This is exceedingly personal and, a personal narrative is- as its name implies, personal. For the sake of real discourse, it must be maintained that from the personal comes the political, and never the other way around, or we risk sacrificing what's important, (i.e., the truth,) for what's convenient, or useful as propaganda. That said, while I'm writing about gender identity, I'm presenting my own perspective on my own experience, and in no way should this be mistaken for a political statement or manifesto.
I've been thinking about the word "transgender" alot lately. Although I'd never dream of denying my own history, I'm no longer certain that I can identify with the term, and here's why: first, I must begrudgingly confess my compulsive disorder regarding language, particularly when it comes to grammar and the obsessive drive to find the exact right word for any given situation. Mind you, I don't always succeed, and much self-flagellation has ensued as a result, but this is slightly beside the point.
The "point" is, The American Heritage Dictionary of the English Language defines "Gender" as, "sexual identity", not biological sex. The selfsame dictionary defines the prefix "trans" as "across; on the other side; beyond".
In that light, let's examine the word "transgender":
"Across gender": this would mean encompassing more than one gender.
"On the other side of gender": this suggests that there was some initial place from which an original gender identity was formulated prior to being changed; while I'm certain this is applicable to many who identify as "transgender"- and for the sake of argument, I'll include myself, it doesn't exactly match my own experience in that, I always knew I was female, regardless of what the doctor stamped on my birth certificate. This brings us to...
"Beyond gender": while I've known many who legitimately identify as "genderqueer", or outside the male/female binary, I do not. I identify as female and I always have, regardless of my presentation at any given time.
So you see, in several ways this "transgender" thing is a conundrum; if when asked about my identity (this kind of thing comes up in conversation far more often than I'm comfortable with,) I simply say "I'm a woman", it will be read one of two possible ways: either more or less at face value, (I'm exceedingly thankful for "passing privilege"!), or that I'm challenging the socially accepted definition of the word "woman" itself.

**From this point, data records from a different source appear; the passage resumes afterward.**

lemma distr_shift_PiM_marg:
  assumes inv: "\<And>i A. i \<in> N \<Longrightarrow> A \<in> sets borel \<Longrightarrow> emeasure (marg i) ((\<lambda>w. w + t i) -` A) = emeasure (marg i) A"
  shows "distr (PiM N marg) (PiM N (\<lambda>_. borel)) (\<lambda>x. \<lambda>i\<in>N. x i + t i) = PiM N marg"
proof -
  have T: "(\<lambda>x. \<lambda>i\<in>N. x i + t i) \<in> measurable (PiM N marg) (PiM N (\<lambda>_. borel :: 'k measure))"
  proof -
    have "(\<lambda>x. \<lambda>i\<in>N. x i + t i) \<in> measurable (PiM N (\<lambda>_. borel :: 'k measure)) (PiM N (\<lambda>_. borel :: 'k measure))"
      by measurable
    then show ?thesis by (subst measurable_cong_sets[OF sets_PiM_marg refl])
  qed
  show ?thesis
  proof (rule prod.PiM_eqI[OF finite_N])
    show "sets (distr (PiM N marg) (PiM N (\<lambda>_. borel)) (\<lambda>x. \<lambda>i\<in>N. x i + t i)) = sets (PiM N marg)"
      using sets_PiM_marg by simp
    fix A assume A: "\<And>i. i \<in> N \<Longrightarrow> A i \<in> sets (marg i)"
    have Ab: "A i \<in> sets borel" if "i \<in> N" for i using A[OF that] sets_marg by simp
    have PA: "PiE N A \<in> sets (PiM N (\<lambda>_. borel :: 'k measure))"
      using Ab finite_N by (intro sets_PiM_I_finite) auto
    have "emeasure (distr (PiM N marg) (PiM N (\<lambda>_. borel)) (\<lambda>x. \<lambda>i\<in>N. x i + t i)) (PiE N A)
        = emeasure (PiM N marg) ((\<lambda>x. \<lambda>i\<in>N. x i + t i) -` PiE N A \<inter> space (PiM N marg))"
      by (rule emeasure_distr[OF T PA])
    also have "(\<lambda>x. \<lambda>i\<in>N. x i + t i) -` PiE N A \<inter> space (PiM N marg) = PiE N (\<lambda>i. (\<lambda>w. w + t i) -` A i)"
      by (auto simp: space_PiM_marg PiE_iff)
    also have "emeasure (PiM N marg) (PiE N (\<lambda>i. (\<lambda>w. w + t i) -` A i)) = (\<Prod>i\<in>N. emeasure (marg i) ((\<lambda>w. w + t i) -` A i))"
    proof (rule prod.emeasure_PiM[OF finite_N])
      fix i assume i: "i \<in> N"
      have "(\<lambda>w. w + t i) -` A i \<inter> space borel \<in> sets borel"
        using Ab[OF i] by (intro measurable_sets[OF measurable_add_const])
      then show "(\<lambda>w. w + t i) -` A i \<in> sets (marg i)" using sets_marg by simp
    qed
    also have "\<dots> = (\<Prod>i\<in>N. emeasure (marg i) (A i))"
      by (rule prod.cong[OF refl]) (rule inv[OF _ Ab])
    finally show "emeasure (distr (PiM N marg) (PiM N (\<lambda>_. borel)) (\<lambda>x. \<lambda>i\<in>N. x i + t i)) (PiE N A) = (\<Prod>i\<in>N. emeasure (marg i) (A i))" .
  qed
qed

lemma measurable_linear_pair[measurable]:
  "(\<lambda>(x1::'k, x2::'k). (a11 * x1 + a12 * x2, a21 * x1 + a22 * x2)) \<in> measurable (borel \<Otimes>\<^sub>M borel) (borel \<Otimes>\<^sub>M borel)"
proof -
  have "(\<lambda>p::'k \<times> 'k. (a11 * fst p + a12 * snd p, a21 * fst p + a22 * snd p)) \<in> measurable (borel \<Otimes>\<^sub>M borel) (borel \<Otimes>\<^sub>M borel)"
    by measurable
  then show ?thesis by (simp add: case_prod_beta')
qed

lemma distr_linear_pair_PiM_marg:
  assumes G: "\<And>i. i \<in> N \<Longrightarrow> distr (marg i \<Otimes>\<^sub>M marg i) (borel \<Otimes>\<^sub>M borel) (\<lambda>(x1, x2). (a11 * x1 + a12 * x2, a21 * x1 + a22 * x2)) = marg i \<Otimes>\<^sub>M marg i"
  shows "distr (PiM N marg \<Otimes>\<^sub>M PiM N marg) (PiM N (\<lambda>_. borel) \<Otimes>\<^sub>M PiM N (\<lambda>_. borel))
      (\<lambda>(x1, x2). (\<lambda>i\<in>N. a11 * x1 i + a12 * x2 i, \<lambda>i\<in>N. a21 * x1 i + a22 * x2 i)) = PiM N marg \<Otimes>\<^sub>M PiM N marg"
    (is "distr ?Q (?E \<Otimes>\<^sub>M ?E) ?F = ?Q")
proof (rule PiM_pair_measure_eqI[OF finite_N])
  let ?f = "\<lambda>(x1::'k, x2::'k). (a11 * x1 + a12 * x2, a21 * x1 + a22 * x2)"
  have sets_Q: "sets ?Q = sets (?E \<Otimes>\<^sub>M ?E)" by (intro sets_pair_measure_cong sets_PiM_marg)
  then have space_Q: "space ?Q = PiE N (\<lambda>_. UNIV) \<times> PiE N (\<lambda>_. UNIV)"
    using sets_eq_imp_space_eq[OF sets_Q] by (simp add: space_pair_measure space_PiM)
  have "(\<lambda>p. (\<lambda>i\<in>N. a11 * fst p i + a12 * snd p i, \<lambda>i\<in>N. a21 * fst p i + a22 * snd p i))
      \<in> measurable (?E \<Otimes>\<^sub>M ?E) (?E \<Otimes>\<^sub>M ?E)"
    by measurable
  then have F: "?F \<in> measurable ?Q (?E \<Otimes>\<^sub>M ?E)"
    by (simp add: case_prod_beta' measurable_cong_sets[OF sets_Q refl])
  interpret Q: prob_space ?Q by (intro prob_space_pair prob_space_PiM_marg)
  show "sets (distr ?Q (?E \<Otimes>\<^sub>M ?E) ?F) = sets (?E \<Otimes>\<^sub>M ?E)" "sets ?Q = sets (?E \<Otimes>\<^sub>M ?E)"
    using sets_Q by simp_all
  interpret distr_Q: prob_space "distr ?Q (?E \<Otimes>\<^sub>M ?E) ?F" by (rule Q.prob_space_distr[OF F])
  show "emeasure (distr ?Q (?E \<Otimes>\<^sub>M ?E) ?F) (space ?E \<times> space ?E) \<noteq> \<infinity>"
    using distr_Q.emeasure_space_1 by (simp add: space_pair_measure)
  fix X Y :: "nat \<Rightarrow> 'k set"
  assume X: "X \<in> Pi N (\<lambda>_. sets borel)" and Y: "Y \<in> Pi N (\<lambda>_. sets borel)"
  have XY: "X i \<times> Y i \<in> sets (borel \<Otimes>\<^sub>M borel)" if "i \<in> N" for i using X Y that by auto
  have marg_f: "emeasure (marg i \<Otimes>\<^sub>M marg i) (?f -` (X i \<times> Y i)) = emeasure (marg i \<Otimes>\<^sub>M marg i) (X i \<times> Y i)"
    if i: "i \<in> N" for i
  proof -
    have "?f \<in> measurable (marg i \<Otimes>\<^sub>M marg i) (borel \<Otimes>\<^sub>M borel)"
      by (simp add: measurable_cong_sets[OF sets_pair_marg refl])
    from emeasure_distr[OF this XY[OF i]] G[OF i]
    show ?thesis by (simp add: space_pair_measure space_marg)
  qed
  have "PiE N X \<times> PiE N Y \<in> sets (?E \<Otimes>\<^sub>M ?E)"
    using X Y finite_N by (intro pair_measureI sets_PiM_I_finite) auto
  then have "emeasure (distr ?Q (?E \<Otimes>\<^sub>M ?E) ?F) (PiE N X \<times> PiE N Y)
      = emeasure ?Q (?F -` (PiE N X \<times> PiE N Y) \<inter> space ?Q)"
    by (rule emeasure_distr[OF F])
  also have "?F -` (PiE N X \<times> PiE N Y) \<inter> space ?Q
      = {p \<in> space ?Q. \<forall>i\<in>N. (fst p i, snd p i) \<in> ?f -` (X i \<times> Y i)}"
    by (auto simp: space_Q PiE_iff)
  also have "emeasure ?Q \<dots> = (\<Prod>i\<in>N. emeasure (marg i \<Otimes>\<^sub>M marg i) (?f -` (X i \<times> Y i)))"
  proof (rule emeasure_pair_PiM_coordwise)
    fix i assume "i \<in> N"
    from measurable_sets[OF measurable_linear_pair XY[OF this]]
    show "?f -` (X i \<times> Y i) \<in> sets (borel \<Otimes>\<^sub>M borel)" by (simp add: space_pair_measure)
  qed
  also have "\<dots> = (\<Prod>i\<in>N. emeasure (marg i \<Otimes>\<^sub>M marg i) (X i \<times> Y i))"
    using marg_f by simp
  also have "\<dots> = emeasure ?Q {p \<in> space ?Q. \<forall>i\<in>N. (fst p i, snd p i) \<in> X i \<times> Y i}"
    using XY by (rule emeasure_pair_PiM_coordwise[symmetric])
  also have "{p \<in> space ?Q. \<forall>i\<in>N. (fst p i, snd p i) \<in> X i \<times> Y i} = PiE N X \<times> PiE N Y"
    using X Y by (auto simp: space_Q PiE_iff)
  finally show "emeasure (distr ?Q (?E \<Otimes>\<^sub>M ?E) ?F) (PiE N X \<times> PiE N Y) = emeasure ?Q (PiE N X \<times> PiE N Y)" .
qed

end

section \<open>Essential suprema of absolute values\<close>

context nonarch_field
begin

For my part, both apply. While I was not born with ovaries, I was born with an XXY chromosome and a female gender identity, and while I have had to utilize medical and cosmetic intervention for the purpose of aligning my external gender presentation with my internal identity, I'm far from alone; there are millions of women the world over who- for one reason or another suffer from hirsuteness (typically male pattern body and facial hair growth), have no ovaries, etc. Would any concientious person have the gall to suggest that they aren't women?
Equally important, there's the issue of the personal as the political: as an "out" "transitioning woman who was at one time thought to be, and presented herself as a man (etc. etc.)", whether I like it or not, any way in which I explain my identity to the world matters. If I reject the mantle of "transgender", I will be perceived by my trans* sisters and brothers as a turncoat, and by the
cis world as "proof" that trans* experiences are somehow less than genuine.

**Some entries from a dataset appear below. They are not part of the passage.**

(* Let $X$ be a real-valued continuous random variable with density $f$ and finite variance, and let $\phi$ be the Gaussian density with the same mean and variance as $f$. Then $$\sigma[X]\leq\sqrt2\,\exp\{D(f\|\phi)\},$$ with equality if and only if $X$ is Gaussian.
   Context: Differential entropy $h$ is assumed to exist and be finite. Doubling constant: $\sigma[X]=\exp\{h(X+X')-h(X)\}$ where $X'$ is an independent copy of $X$. $D(f\|g)=\int f\log(f/g)$ is relative entropy. *)

theory Defs
  imports "HOL-Probability.Probability"
begin

text \<open>All objects are densities w.r.t. Lebesgue measure on the real line.
  Note ln 0 = 0 in Isabelle, so 0 * ln 0 = 0 as usual.\<close>

definition diff_entropy :: "(real \<Rightarrow> real) \<Rightarrow> real" where
  "diff_entropy f = - (\<integral>x. f x * ln (f x) \<partial>lborel)"

text \<open>Density of X + X' for X, X' independent with densities f, g.\<close>
definition conv :: "(real \<Rightarrow> real) \<Rightarrow> (real \<Rightarrow> real) \<Rightarrow> real \<Rightarrow> real" where
  "conv f g x = (\<integral>y. f y * g (x - y) \<partial>lborel)"

definition doubling_const :: "(real \<Rightarrow> real) \<Rightarrow> real" where
  "doubling_const f = exp (diff_entropy (conv f f) - diff_entropy f)"

definition rel_entropy :: "(real \<Rightarrow> real) \<Rightarrow> (real \<Rightarrow> real) \<Rightarrow> real" where
  "rel_entropy f g = (\<integral>x. f x * ln (f x / g x) \<partial>lborel)"

definition dens_mean :: "(real \<Rightarrow> real) \<Rightarrow> real" where
  "dens_mean f = (\<integral>x. x * f x \<partial>lborel)"

definition dens_var :: "(real \<Rightarrow> real) \<Rightarrow> real" where
  "dens_var f = (\<integral>x. (x - dens_mean f)\<^sup>2 * f x \<partial>lborel)"

end

theory Submission
  imports Defs
begin

text \<open>
  Write \<open>H\<close> for differential entropy, \<open>\<mu>, v\<close> for the mean and variance of
  \<open>f\<close>, and \<open>g = conv f f\<close> for the density of \<open>X + X'\<close>.  Means and variances add under
  convolution, so the Gaussians fitted to \<open>f\<close> and \<open>g\<close> are \<open>\<phi> = N(\<mu>, v)\<close> and
  \<open>\<psi> = N(2\<mu>, 2v)\<close>.  For a density \<open>h\<close> with second moment \<open>s\<^sup>2\<close> about \<open>m\<close> one has the exact
  identity \<open>D(h\<parallel>N(m, s\<^sup>2)) = - H(h) + ln(2\<pi>s\<^sup>2)/2 + 1/2\<close>.  Applied to \<open>f\<close> and \<open>g\<close> it gives
  \<open>\<sigma>[X] = exp(H(g) - H(f)) = exp(-D(g\<parallel>\<psi>)) * sqrt 2 * exp(D(f\<parallel>\<phi>))\<close>, so the inequality
  is Gibbs' inequality \<open>D(g\<parallel>\<psi>) \<ge> 0\<close>, with equality iff \<open>g = \<psi>\<close> almost everywhere.
  Finally \<open>g\<close> is Gaussian iff \<open>f\<close> is: one direction is the stability of the normal law
  under convolution; for the other, the characteristic function of \<open>f\<close> squares to a
  nowhere vanishing Gaussian one, hence equals it by continuity, and Levy's uniqueness
  theorem identifies \<open>f\<close>.
\<close>

definition prob_density :: "(real \<Rightarrow> real) \<Rightarrow> bool" where
  "prob_density f \<longleftrightarrow>
     f \<in> borel_measurable borel \<and> (\<forall>x. 0 \<le> f x) \<and> has_bochner_integral lborel f 1"

abbreviation dens_distr :: "(real \<Rightarrow> real) \<Rightarrow> real measure" where
  "dens_distr f \<equiv> density lborel (\<lambda>x. ennreal (f x))"

lemma prob_densityD:
  assumes "prob_density f"
  shows "f \<in> borel_measurable borel" "0 \<le> f x" "integrable lborel f" "integral\<^sup>L lborel f = 1"
  using assms by (auto simp: prob_density_def has_bochner_integral_iff)

lemma real_distribution_dens_distr:
  assumes f: "prob_density f"
  shows "real_distribution (dens_distr f)"
proof -
  have [measurable]: "f \<in> borel_measurable borel" using prob_densityD[OF f] by simp
  have "(\<integral>\<^sup>+x. ennreal (f x) \<partial>lborel) = 1"
    using prob_densityD[OF f] by (simp add: nn_integral_eq_integral)
  then have "prob_space (dens_distr f)"
    by (intro prob_spaceI) (simp add: emeasure_density)
  then show ?thesis by (simp add: real_distribution_def real_distribution_axioms_def)
qed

Maybe I can find a way in which the term trans* is personally applicable. Afterall, my entire life is in transition: my wife who met me when I was presenting as male, is straight, (I identify as lesbian,) and finds herself grappling with her own identity within our relationship, and my parents who, for 43 years believed that they had had a son, must now come to grips with the fact that they suddenly have a 44 year old daughter.
Perhaps I need to come up with a new term, one that more accurately fits my identity. Maybe, the next time some probing questioner asks me what I am, (and I feel safe to answer truthfully,) I'll reply, "I'm a woman living a life in transition", or, maybe that's far too long winded and will lead to too many other probing questions I'd rather not deal with. The fact is, if some future gatekeeper or self-appointed gender gendarme has the chutzpah to ask me "what are you?" I'll likely answer "I'm a woman ", and simply leave it at that.